+++ TASK INPUTS +++
(* Let $(R,\alpha)$ be a multiplicative Hom-Lie conformal algebra with $\alpha$ surjective and $Z(R)=0$. Then $\mathrm{QC}(R)$ is a Hom-Lie conformal algebra (with the bracket $[D_\mu H]_\theta(a)=D_\mu(H_{\theta-\mu}a)-H_{\theta-\mu}(D_\mu a)$, in particular closed under it: $[\mathrm{QC}_{\alpha^k}(R)_\mu\mathrm{QC}_{\alpha^s}(R)]\subseteq\mathrm{QC}_{\alpha^{k+s}}(R)[\mu]$) if and only if $[\mathrm{QC}(R)_\lambda\mathrm{QC}(R)]=0$.
   Context: Hom-Lie conformal algebra $(R,\alpha)$: $\mathbb{C}[\partial]$-module $R$, $\mathbb{C}$-linear $\alpha$ with $\alpha\partial=\partial\alpha$, bilinear $\lambda$-bracket $R\otimes R\to R[\lambda]$ with $[\partial a_\lambda b]=-\lambda[a_\lambda b]$, $[a_\lambda\partial b]=(\partial+\lambda)[a_\lambda b]$, $[a_\lambda b]=-[b_{-\partial-\lambda}a]$, $[\alpha(a)_\lambda[b_\mu c]]=[[a_\lambda b]_{\lambda+\mu}\alpha(c)]+[\alpha(b)_\mu[a_\lambda c]]$; multiplicative: $\alpha([a_\lambda b])=[\alpha(a)_\lambda\alpha(b)]$. Center $Z(R)=\{a:[a_\lambda b]=0\ \forall b\}$. $\mathrm{Cend}(R)$ is the set of $\mathbb{C}$-linear $D:R\to R[\mu]$ with $D_\mu(\partial a)=(\partial+\mu)D_\mu(a)$, and $\Omega=\{D\in\mathrm{Cend}(R): D_\mu\alpha=\alpha D_\mu\}$. $D\in\Omega$ is an $\alpha^k$-quasicentroid if $[(D_\mu a)_{\lambda+\mu}\alpha^k(b)]=[\alpha^k(a)_\lambda D_\mu(b)]$ for all $a,b\in R$; $\mathrm{QC}_{\alpha^k}(R)$ is the set of these and $\mathrm{QC}(R)=\bigoplus_{k\ge0}\mathrm{QC}_{\alpha^k}(R)$. *)

theory Defs
  imports Complex_Main "HOL-Library.Function_Algebras"
begin

text \<open>A C[d]-module is a type 'v with addition, a complex scalar
action sc and a C-linear operator d (the action of the indeterminate).
A lambda-bracket with values in R[lambda] is represented pointwise as a function
br :: complex => 'v => 'v => 'v (br l a b = [a_l b]) which is required to be
polynomial in l.  Everything is stated relative to a carrier set A, so that the
same definition applies both to R (carrier UNIV) and to QC(R).\<close>

definition is_cpoly_on :: "'v set \<Rightarrow> (complex \<Rightarrow> 'v \<Rightarrow> 'v) \<Rightarrow> (complex \<Rightarrow> 'v::ab_group_add) \<Rightarrow> bool" where
  "is_cpoly_on A sc f \<longleftrightarrow>
     (\<exists>n c. (\<forall>j<n. c j \<in> A) \<and> (\<forall>z. f z = (\<Sum>j<n. sc (z ^ j) (c j))))"

text \<open>[b_{-d-l} a] for [b_l a] = sum_j l^j c_j is  sum_j (-d-l)^j c_j
  = sum_j (-1)^j sum_{i<=j} binom(j,i) l^i d^(j-i) c_j.\<close>
definition subst_minus_d :: "(complex \<Rightarrow> 'v \<Rightarrow> 'v) \<Rightarrow> ('v \<Rightarrow> 'v) \<Rightarrow> nat \<Rightarrow> (nat \<Rightarrow> 'v) \<Rightarrow> complex \<Rightarrow> 'v::ab_group_add" where
  "subst_minus_d sc d n c l =
     (\<Sum>j<n. \<Sum>i\<le>j. sc ((-1) ^ j * of_nat (j choose i) * l ^ i) ((d ^^ (j - i)) (c j)))"

definition hom_lie_conf_on ::
  "'v set \<Rightarrow> (complex \<Rightarrow> 'v \<Rightarrow> 'v) \<Rightarrow> ('v \<Rightarrow> 'v) \<Rightarrow> ('v \<Rightarrow> 'v) \<Rightarrow> (complex \<Rightarrow> 'v \<Rightarrow> 'v \<Rightarrow> 'v::ab_group_add) \<Rightarrow> bool" where
  "hom_lie_conf_on A sc d alpha br \<longleftrightarrow>
     \<comment> \<open>A is a C[d]-submodule (closed under the operations), alpha and br preserve A\<close>
     0 \<in> A \<and>
     (\<forall>a\<in>A. \<forall>b\<in>A. a + b \<in> A) \<and>
     (\<forall>x. \<forall>a\<in>A. sc x a \<in> A) \<and>
     (\<forall>a\<in>A. d a \<in> A) \<and>
     (\<forall>a\<in>A. alpha a \<in> A) \<and>
     (\<forall>l. \<forall>a\<in>A. \<forall>b\<in>A. br l a b \<in> A) \<and>
     \<comment> \<open>complex vector space axioms\<close>
     (\<forall>a\<in>A. sc 1 a = a) \<and>
     (\<forall>x y. \<forall>a\<in>A. sc (x * y) a = sc x (sc y a)) \<and>
     (\<forall>x y. \<forall>a\<in>A. sc (x + y) a = sc x a + sc y a) \<and>
     (\<forall>x. \<forall>a\<in>A. \<forall>b\<in>A. sc x (a + b) = sc x a + sc x b) \<and>
     \<comment> \<open>d and alpha are C-linear, alpha commutes with d\<close>
     (\<forall>a\<in>A. \<forall>b\<in>A. d (a + b) = d a + d b) \<and>
     (\<forall>x. \<forall>a\<in>A. d (sc x a) = sc x (d a)) \<and>
     (\<forall>a\<in>A. \<forall>b\<in>A. alpha (a + b) = alpha a + alpha b) \<and>
     (\<forall>x. \<forall>a\<in>A. alpha (sc x a) = sc x (alpha a)) \<and>
     (\<forall>a\<in>A. alpha (d a) = d (alpha a)) \<and>
     \<comment> \<open>the bracket is C-bilinear and takes values in A[l]\<close>
     (\<forall>l. \<forall>a\<in>A. \<forall>b\<in>A. \<forall>c\<in>A. br l (a + b) c = br l a c + br l b c) \<and>
     (\<forall>l. \<forall>a\<in>A. \<forall>b\<in>A. \<forall>c\<in>A. br l a (b + c) = br l a b + br l a c) \<and>
     (\<forall>l x. \<forall>a\<in>A. \<forall>b\<in>A. br l (sc x a) b = sc x (br l a b)) \<and>
     (\<forall>l x. \<forall>a\<in>A. \<forall>b\<in>A. br l a (sc x b) = sc x (br l a b)) \<and>
     (\<forall>a\<in>A. \<forall>b\<in>A. is_cpoly_on A sc (\<lambda>l. br l a b)) \<and>
     \<comment> \<open>conformal sesquilinearity\<close>
     (\<forall>l. \<forall>a\<in>A. \<forall>b\<in>A. br l (d a) b = sc (- l) (br l a b)) \<and>
     (\<forall>l. \<forall>a\<in>A. \<forall>b\<in>A. br l a (d b) = d (br l a b) + sc l (br l a b)) \<and>
     \<comment> \<open>skew-symmetry [a_l b] = - [b_{-d-l} a]\<close>
     (\<forall>a\<in>A. \<forall>b\<in>A. \<exists>n c. (\<forall>j<n. c j \<in> A) \<and>
        (\<forall>l. br l b a = (\<Sum>j<n. sc (l ^ j) (c j))) \<and>
        (\<forall>l. br l a b = - subst_minus_d sc d n c l)) \<and>
     \<comment> \<open>Hom-Jacobi identity\<close>
     (\<forall>l m. \<forall>a\<in>A. \<forall>b\<in>A. \<forall>c\<in>A.
        br l (alpha a) (br m b c) = br (l + m) (br l a b) (alpha c) + br m (alpha b) (br l a c))"

definition multiplicative :: "('v \<Rightarrow> 'v) \<Rightarrow> (complex \<Rightarrow> 'v \<Rightarrow> 'v \<Rightarrow> 'v) \<Rightarrow> bool" where
  "multiplicative alpha br \<longleftrightarrow> (\<forall>l a b. alpha (br l a b) = br l (alpha a) (alpha b))"

definition center :: "(complex \<Rightarrow> 'v \<Rightarrow> 'v \<Rightarrow> 'v::zero) \<Rightarrow> 'v set" where
  "center br = {a. \<forall>b l. br l a b = 0}"

text \<open>Conformal endomorphisms D : R -> R[m], represented pointwise (D m a = D_m(a)).\<close>
definition Cend :: "(complex \<Rightarrow> 'v \<Rightarrow> 'v) \<Rightarrow> ('v \<Rightarrow> 'v) \<Rightarrow> (complex \<Rightarrow> 'v \<Rightarrow> 'v::ab_group_add) set" where
  "Cend sc d = {D.
     (\<forall>m a b. D m (a + b) = D m a + D m b) \<and>
     (\<forall>m x a. D m (sc x a) = sc x (D m a)) \<and>
     (\<forall>a. is_cpoly_on UNIV sc (\<lambda>m. D m a)) \<and>
     (\<forall>m a. D m (d a) = d (D m a) + sc m (D m a))}"

definition Omega :: "(complex \<Rightarrow> 'v \<Rightarrow> 'v) \<Rightarrow> ('v \<Rightarrow> 'v) \<Rightarrow> ('v \<Rightarrow> 'v) \<Rightarrow> (complex \<Rightarrow> 'v \<Rightarrow> 'v::ab_group_add) set" where
  "Omega sc d alpha = {D \<in> Cend sc d. \<forall>m a. D m (alpha a) = alpha (D m a)}"

definition QCk :: "(complex \<Rightarrow> 'v \<Rightarrow> 'v) \<Rightarrow> ('v \<Rightarrow> 'v) \<Rightarrow> ('v \<Rightarrow> 'v) \<Rightarrow> (complex \<Rightarrow> 'v \<Rightarrow> 'v \<Rightarrow> 'v) \<Rightarrow> nat \<Rightarrow> (complex \<Rightarrow> 'v \<Rightarrow> 'v::ab_group_add) set" where
  "QCk sc d alpha br k = {D \<in> Omega sc d alpha.
     \<forall>a b l m. br (l + m) (D m a) ((alpha ^^ k) b) = br l ((alpha ^^ k) a) (D m b)}"

text \<open>QC(R) = sum over k of QC_{alpha^k}(R), as the set of finite sums of homogeneous elements.\<close>
definition QC :: "(complex \<Rightarrow> 'v \<Rightarrow> 'v) \<Rightarrow> ('v \<Rightarrow> 'v) \<Rightarrow> ('v \<Rightarrow> 'v) \<Rightarrow> (complex \<Rightarrow> 'v \<Rightarrow> 'v \<Rightarrow> 'v) \<Rightarrow> (complex \<Rightarrow> 'v \<Rightarrow> 'v::ab_group_add) set" where
  "QC sc d alpha br = {(\<Sum>k<n. f k) | n f. \<forall>k<n. f k \<in> QCk sc d alpha br k}"

definition cend_sc :: "(complex \<Rightarrow> 'v \<Rightarrow> 'v) \<Rightarrow> complex \<Rightarrow> (complex \<Rightarrow> 'v \<Rightarrow> 'v) \<Rightarrow> (complex \<Rightarrow> 'v \<Rightarrow> 'v)" where
  "cend_sc sc x D = (\<lambda>m a. sc x (D m a))"

definition cend_d :: "(complex \<Rightarrow> 'v \<Rightarrow> 'v) \<Rightarrow> (complex \<Rightarrow> 'v \<Rightarrow> 'v) \<Rightarrow> (complex \<Rightarrow> 'v \<Rightarrow> 'v)" where
  "cend_d sc D = (\<lambda>m a. sc (- m) (D m a))"

definition cend_alpha :: "('v \<Rightarrow> 'v) \<Rightarrow> (complex \<Rightarrow> 'v \<Rightarrow> 'v) \<Rightarrow> (complex \<Rightarrow> 'v \<Rightarrow> 'v)" where
  "cend_alpha alpha D = (\<lambda>m a. alpha (D m a))"

definition cend_br :: "complex \<Rightarrow> (complex \<Rightarrow> 'v \<Rightarrow> 'v) \<Rightarrow> (complex \<Rightarrow> 'v \<Rightarrow> 'v) \<Rightarrow> (complex \<Rightarrow> 'v \<Rightarrow> 'v::ab_group_add)" where
  "cend_br m D H = (\<lambda>t a. D m (H (t - m) a) - H (t - m) (D m a))"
+++
→ **EXERCISE AIM**
Of the entries above, repeat exactly the lines from the line with "(\<forall>a\<in>A. \<forall>b\<in>A. is_cpoly_on" through the line with "(\<forall>l. \<forall>a\<in>A. \<forall>b\<in>A. br l (d", both of them included.

→ **RESPONSE**
     (\<forall>a\<in>A. \<forall>b\<in>A. is_cpoly_on A sc (\<lambda>l. br l a b)) \<and>
     \<comment> \<open>conformal sesquilinearity\<close>
     (\<forall>l. \<forall>a\<in>A. \<forall>b\<in>A. br l (d a) b = sc (- l) (br l a b)) \<and>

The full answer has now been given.